WHAT YOU ARE ASKED TO DO: Only one stretch of the data below is wanted: the lines from the one with "multipliers_pos upper_gap margin_pos" through the one with "u $ i \<Longrightarrow> \<bar>dxN", repeated exactly.

[Stored data entries]
━━━━━━━━━━━━━━━━
text \<open>Outside the supports the difference is the first vector itself; on them the squared
  errors add up to at most \<open>3 n e\<^sup>2 \<le> t\<^sup>2\<close>, which the first vector's mass there dominates.\<close>

lemma norm_diff_le_norm_if_close_on_supports:
  fixes a b c a' b' c' :: "real^'n" and S T U :: "'n set" and e t :: real
  assumes supp: "\<And>i. i \<notin> S \<Longrightarrow> a' $ i = 0" "\<And>i. i \<notin> T \<Longrightarrow> b' $ i = 0" "\<And>i. i \<notin> U \<Longrightarrow> c' $ i = 0"
    and close: "\<And>i. i \<in> S \<Longrightarrow> \<bar>a $ i - a' $ i\<bar> \<le> e" "\<And>i. i \<in> T \<Longrightarrow> \<bar>b $ i - b' $ i\<bar> \<le> e"
      "\<And>i. i \<in> U \<Longrightarrow> \<bar>c $ i - c' $ i\<bar> \<le> e"
    and small: "3 * real CARD('n) * e\<^sup>2 \<le> t\<^sup>2" "0 \<le> t"
    and large: "t \<le> sqrt ((\<Sum>i\<in>S. (a $ i)\<^sup>2) + (\<Sum>i\<in>T. (b $ i)\<^sup>2) + (\<Sum>i\<in>U. (c $ i)\<^sup>2))"
  shows "norm (a - a', b - b', c - c') \<le> norm (a, b, c)"
proof -
  define mass where "mass i = (if i \<in> S then (a $ i)\<^sup>2 else 0) + (if i \<in> T then (b $ i)\<^sup>2 else 0)
      + (if i \<in> U then (c $ i)\<^sup>2 else 0)" for i
  define err where "err i = (if i \<in> S then (a $ i - a' $ i)\<^sup>2 else 0)
      + (if i \<in> T then (b $ i - b' $ i)\<^sup>2 else 0) + (if i \<in> U then (c $ i - c' $ i)\<^sup>2 else 0)" for i
  have split: "((a - a') $ i)\<^sup>2 + ((b - b') $ i)\<^sup>2 + ((c - c') $ i)\<^sup>2
      = (a $ i)\<^sup>2 + (b $ i)\<^sup>2 + (c $ i)\<^sup>2 - mass i + err i" for i
    using supp[of i] unfolding mass_def err_def by (cases "i \<in> S"; cases "i \<in> T"; cases "i \<in> U") simp_all
  have "(\<Sum>i\<in>UNIV. mass i) = (\<Sum>i\<in>S. (a $ i)\<^sup>2) + (\<Sum>i\<in>T. (b $ i)\<^sup>2) + (\<Sum>i\<in>U. (c $ i)\<^sup>2)"
    unfolding mass_def by (simp add: sum.distrib sum.If_cases)
  moreover have "t\<^sup>2 \<le> (\<Sum>i\<in>S. (a $ i)\<^sup>2) + (\<Sum>i\<in>T. (b $ i)\<^sup>2) + (\<Sum>i\<in>U. (c $ i)\<^sup>2)"
    using power_mono[OF large \<open>0 \<le> t\<close>, of 2] by (simp add: sum_nonneg)
  moreover have "err i \<le> 3 * e\<^sup>2" for i
  proof -
    have "\<And>d. \<bar>d\<bar> \<le> e \<Longrightarrow> d\<^sup>2 \<le> e\<^sup>2" by (metis abs_le_square_iff abs_of_nonneg abs_ge_zero order_trans)
    then show ?thesis unfolding err_def using close[of i] by (smt (verit) zero_le_power2)
  qed
  then have "(\<Sum>i\<in>UNIV. err i) \<le> 3 * real CARD('n) * e\<^sup>2"
    using sum_bounded_above[of UNIV err "3 * e\<^sup>2"] by (simp add: mult_ac)
  ultimately have "(\<Sum>i\<in>UNIV. err i) \<le> (\<Sum>i\<in>UNIV. mass i)" using small by linarith
  then have "(\<Sum>i\<in>UNIV. ((a - a') $ i)\<^sup>2 + ((b - b') $ i)\<^sup>2 + ((c - c') $ i)\<^sup>2)
      \<le> (\<Sum>i\<in>UNIV. (a $ i)\<^sup>2 + (b $ i)\<^sup>2 + (c $ i)\<^sup>2)"
    unfolding split by (simp add: sum.distrib sum_subtractf)
  then show ?thesis unfolding norm_pdstate_eq by (rule real_sqrt_le_mono)
qed

lemma newton_equation_rows:
  assumes "Fprime H l u (x, ll, lu) (dx, dl, du) = - Fmu g l u m (x, ll, lu)"
  shows "(H x *v dx) $ i - dl $ i + du $ i = - (g x $ i - ll $ i + lu $ i)"
    and "ll $ i * dx $ i + (x $ i - l $ i) * dl $ i = - (ll $ i * (x $ i - l $ i) - m)"
    and "- lu $ i * dx $ i + (u $ i - x $ i) * du $ i = - (lu $ i * (u $ i - x $ i) - m)"
  using assms unfolding Fprime_def Fmu_def by (simp_all add: vec_eq_iff)

lemma complementarity_le_of_norm_Fmu:
  assumes "norm (Fmu g l u \<mu> (x, ll, lu)) \<le> C * \<mu>"
  shows "ll $ i * (x $ i - l $ i) \<le> (1 + C) * \<mu>" "lu $ i * (u $ i - x $ i) \<le> (1 + C) * \<mu>"
proof -
  let ?a = "g x - ll + lu" and ?b = "\<chi> i. ll $ i * (x $ i - l $ i) - \<mu>"
    and ?c = "\<chi> i. lu $ i * (u $ i - x $ i) - \<mu>"
  have "\<bar>?b $ i\<bar> \<le> C * \<mu>" "\<bar>?c $ i\<bar> \<le> C * \<mu>"
    using abs_nth_le_norm_pdstate[where a = ?a and b = ?b and c = ?c and i = i] assms
    unfolding Fmu_def by auto
  then show "ll $ i * (x $ i - l $ i) \<le> (1 + C) * \<mu>" "lu $ i * (u $ i - x $ i) \<le> (1 + C) * \<mu>"
    by (auto simp: algebra_simps)
qed

lemma norm_Fmu_le_shift:
  fixes s :: "('n::finite) pdstate"
  assumes "0 \<le> \<sigma>" "\<sigma> \<le> 1" "0 \<le> \<mu>"
  shows "norm (Fmu g l u (\<sigma> * \<mu>) s) \<le> norm (Fmu g l u \<mu> s) + 2 * real CARD('n) * \<mu>"
proof -
  obtain x ll lu where s: "s = (x, ll, lu)" by (cases s) auto
  define v where "v = (\<chi> i. \<mu> - \<sigma> * \<mu> :: real^'n)"
  have "Fmu g l u (\<sigma> * \<mu>) s = Fmu g l u \<mu> s + (0, v, v)"
    unfolding s v_def by (simp add: Fmu_def vec_eq_iff algebra_simps)
  moreover have "norm v \<le> real CARD('n) * \<mu>"
  proof -
    have "norm v \<le> (\<Sum>i\<in>UNIV. \<bar>v $ i\<bar>)" by (rule norm_le_l1_cart)
    also have "\<dots> = real CARD('n) * (\<mu> - \<sigma> * \<mu>)"
      using assms by (simp add: v_def mult_left_le_one_le)
    also have "\<dots> \<le> real CARD('n) * \<mu>" using assms by (simp add: mult_left_mono)
    finally show ?thesis .
  qed
  moreover have "norm (0::real^'n, v, v) \<le> 2 * norm v"
    using norm_Pair_le[of "0::real^'n" "(v, v)"] norm_Pair_le[of v v] by simp
  ultimately show ?thesis
    using norm_triangle_ineq[of "Fmu g l u \<mu> s" "(0, v, v)"] by simp
qed

lemma newton_step_norm_le:
  fixes s d :: "('n::finite) pdstate"
  assumes inv: "norm d \<le> K * norm (Fprime H l u s d)" and "0 \<le> K"
    and newton: "Fprime H l u s d = - Fmu g l u (\<sigma> * \<mu>) s"
    and res: "norm (Fmu g l u \<mu> s) \<le> C * \<mu>"
    and "0 \<le> \<sigma>" "\<sigma> \<le> 1" "0 \<le> \<mu>"
  shows "norm d \<le> K * (C + 2 * real CARD('n)) * \<mu>"
proof -
  have "norm (Fprime H l u s d) \<le> (C + 2 * real CARD('n)) * \<mu>"
    using newton res norm_Fmu_le_shift[OF assms(5-7), of g l u s] by (simp add: algebra_simps)
  then show ?thesis using inv \<open>0 \<le> K\<close> by (smt (verit) mult.assoc mult_left_mono)
qed

lemma continuous_matrix_entries_bounded:
  fixes H :: "'a::metric_space \<Rightarrow> real^'n^'m"
  assumes "continuous_on S H" "compact S"
  obtains M where "0 \<le> M" "\<And>y i j. y \<in> S \<Longrightarrow> \<bar>H y $ i $ j\<bar> \<le> M"
proof -
  obtain M where M: "\<And>y. y \<in> S \<Longrightarrow> norm (H y) \<le> M"
    using compact_imp_bounded[OF compact_continuous_image[OF assms]] by (auto simp: bounded_iff)
  have "\<bar>H y $ i $ j\<bar> \<le> max M 0" if "y \<in> S" for y i j
    using component_le_norm_cart[of "H y $ i" j] Finite_Cartesian_Product.norm_nth_le[where x="H y" and i=i] M[OF that] by linarith
  then show ?thesis using that[of "max M 0"] by simp
qed

lemma uniform_strict_complementarity:
  fixes xs lls lus l u :: "real^'n"
  assumes "\<And>i. 0 < (xs $ i - l $ i) + lls $ i" "\<And>i. 0 < (u $ i - xs $ i) + lus $ i"
  obtains c where "0 < c" "\<And>i. c \<le> (xs $ i - l $ i) + lls $ i" "\<And>i. c \<le> (u $ i - xs $ i) + lus $ i"
proof -
  define c where "c = Min (range (\<lambda>i. min ((xs $ i - l $ i) + lls $ i) ((u $ i - xs $ i) + lus $ i)))"
  have "0 < c" unfolding c_def using assms by (subst Min_gr_iff) auto
  moreover have "c \<le> min ((xs $ i - l $ i) + lls $ i) ((u $ i - xs $ i) + lus $ i)" for i
    unfolding c_def by (rule Min_le) auto
  ultimately show ?thesis using that by simp
qed

text \<open>The iterate \<open>(x, ll, lu)\<close> near the solution \<open>(xs, lls, lus)\<close>, with the Newton step taken
  towards the barrier parameter \<open>m\<close> (the \<open>\<mu>\<^sup>+\<close> of the paper); \<open>K\<close> and \<open>B\<close> are the constants of
  the \<open>O(\<mu>)\<close> bounds on the complementarity products and on the Newton step.\<close>

locale newton_near_solution =
  fixes g :: "real^'n::finite \<Rightarrow> real^'n" and H :: "real^'n \<Rightarrow> real^'n^'n"
    and l u xs lls lus x ll lu dxN dlN duN :: "real^'n"
    and m \<mu> c K M B :: real
  assumes interior: "\<And>i. l $ i < x $ i" "\<And>i. x $ i < u $ i"
    and multipliers_pos: "\<And>i. 0 < ll $ i" "\<And>i. 0 < lu $ i"
    and margin_pos: "0 < c"
    and lower_margin: "\<And>i. c \<le> (xs $ i - l $ i) + lls $ i"
    and upper_margin: "\<And>i. c \<le> (u $ i - xs $ i) + lus $ i"
    and lower_compl: "\<And>i. (xs $ i - l $ i) * lls $ i = 0"
    and upper_compl: "\<And>i. (u $ i - xs $ i) * lus $ i = 0"
    and close: "\<And>i. \<bar>x $ i - xs $ i\<bar> < c / 2" "\<And>i. \<bar>ll $ i - lls $ i\<bar> < c / 2"
      "\<And>i. \<bar>lu $ i - lus $ i\<bar> < c / 2"
    and lower_products: "\<And>i. ll $ i * (x $ i - l $ i) \<le> K * \<mu>"
    and upper_products: "\<And>i. lu $ i * (u $ i - x $ i) \<le> K * \<mu>"
    and hessian_bound: "\<And>i j. \<bar>H x $ i $ j\<bar> \<le> M"
    and newton: "Fprime H l u (x, ll, lu) (dxN, dlN, duN) = - Fmu g l u m (x, ll, lu)"
    and newton_bound: "\<And>i. \<bar>dxN $ i\<bar> \<le> B * \<mu>" "\<And>i. \<bar>dlN $ i\<bar> \<le> B * \<mu>"
      "\<And>i. \<bar>duN $ i\<bar> \<le> B * \<mu>"
    and mu_pos: "0 < \<mu>"
    and mu_small: "\<mu> \<le> c^2 / (8 * K * (M + 1))"
begin

definition error_bound :: real where
  "error_bound = 8 * K * B * (1 + real CARD('n) * M) / c^2 * \<mu>^2"

lemma lower_gap:
  assumes "xs $ i \<noteq> l $ i" shows "c / 2 \<le> x $ i - l $ i"
proof -
  have "lls $ i = 0" using lower_compl[of i] assms by simp
  then show ?thesis using lower_margin[of i] close(1)[of i] by linarith
qed

lemma upper_gap:
  assumes "xs $ i \<noteq> u $ i" shows "c / 2 \<le> u $ i - x $ i"
proof -
  have "lus $ i = 0" using upper_compl[of i] assms by simp
  then show ?thesis using upper_margin[of i] close(1)[of i] by linarith
qed

lemma lower_multiplier: "xs $ i = l $ i \<Longrightarrow> c / 2 \<le> ll $ i"
  using lower_margin[of i] close(2)[of i] by linarith

lemma upper_multiplier: "xs $ i = u $ i \<Longrightarrow> c / 2 \<le> lu $ i"
  using upper_margin[of i] close(3)[of i] by linarith

lemma K_pos: "0 < K"
proof -
  fix i
  have "0 < ll $ i * (x $ i - l $ i)" using multipliers_pos interior by simp
  then have "0 < K * \<mu>" using lower_products[of i] by linarith
  then show ?thesis using mu_pos by (simp add: zero_less_mult_iff)
qed

lemma M_nonneg: "0 \<le> M"
  using hessian_bound[of undefined undefined] by linarith

lemma B_nonneg: "0 \<le> B"
  using newton_bound(1)[of undefined] mu_pos by (smt (verit) mult_neg_pos)

lemma complementarity_bound_le_error_bound: "4 * K * B * \<mu>^2 / c^2 \<le> error_bound"
proof -
  have "4 * K * B \<le> 8 * K * B * (1 + real CARD('n) * M)"
    using K_pos B_nonneg M_nonneg by (simp add: algebra_simps)
  then show ?thesis unfolding error_bound_def
    by (simp add: divide_right_mono mult_right_mono)
qed

lemma dlC_error: "xs $ i \<noteq> l $ i \<Longrightarrow> \<bar>dlN $ i - dlC l m (x, ll, lu) i\<bar> \<le> error_bound"
  using complementarity_step_error[of "ll $ i" c "x $ i - l $ i" K \<mu> "dxN $ i" B "dlN $ i" m]
    multipliers_pos lower_gap margin_pos lower_products newton_bound(1)
    newton_equation_rows(2)[OF newton, of i] complementarity_bound_le_error_bound
  by (simp add: dlC_def algebra_simps)

lemma duC_error: "xs $ i \<noteq> u $ i \<Longrightarrow> \<bar>duN $ i - duC u m (x, ll, lu) i\<bar> \<le> error_bound"
  using complementarity_step_error[of "lu $ i" c "u $ i - x $ i" K \<mu> "- dxN $ i" B "duN $ i" m]
    multipliers_pos upper_gap margin_pos upper_products newton_bound(1)
    newton_equation_rows(3)[OF newton, of i] complementarity_bound_le_error_bound
  by (simp add: duC_def algebra_simps)

lemma dxCl_error: "xs $ i = l $ i \<Longrightarrow> \<bar>dxN $ i - dxCl l m (x, ll, lu) i\<bar> \<le> error_bound"
  using complementarity_step_error[of "x $ i - l $ i" c "ll $ i" K \<mu> "dlN $ i" B "dxN $ i" m]
    interior lower_multiplier margin_pos lower_products newton_bound(2)
    newton_equation_rows(2)[OF newton, of i] complementarity_bound_le_error_bound
  by (simp add: dxCl_def algebra_simps)

lemma dxCu_error: "xs $ i = u $ i \<Longrightarrow> \<bar>dxN $ i - dxCu u m (x, ll, lu) i\<bar> \<le> error_bound"
  using complementarity_step_error[of "u $ i - x $ i" c "lu $ i" K \<mu> "duN $ i" B "- dxN $ i" m]
    interior upper_multiplier margin_pos upper_products newton_bound(3)
    newton_equation_rows(3)[OF newton, of i] complementarity_bound_le_error_bound
  by (simp add: dxCu_def algebra_simps)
━━━━━━━━━━━━━━━━
THE ANSWER:
    multipliers_pos upper_gap margin_pos upper_products newton_bound(1)
    newton_equation_rows(3)[OF newton, of i] complementarity_bound_le_error_bound
  by (simp add: duC_def algebra_simps)

lemma dxCl_error: "xs $ i = l $ i \<Longrightarrow> \<bar>dxN $ i - dxCl l m (x, ll, lu) i\<bar> \<le> error_bound"
  using complementarity_step_error[of "x $ i - l $ i" c "ll $ i" K \<mu> "dlN $ i" B "dxN $ i" m]
    interior lower_multiplier margin_pos lower_products newton_bound(2)
    newton_equation_rows(2)[OF newton, of i] complementarity_bound_le_error_bound
  by (simp add: dxCl_def algebra_simps)

lemma dxCu_error: "xs $ i = u $ i \<Longrightarrow> \<bar>dxN $ i - dxCu u m (x, ll, lu) i\<bar> \<le> error_bound"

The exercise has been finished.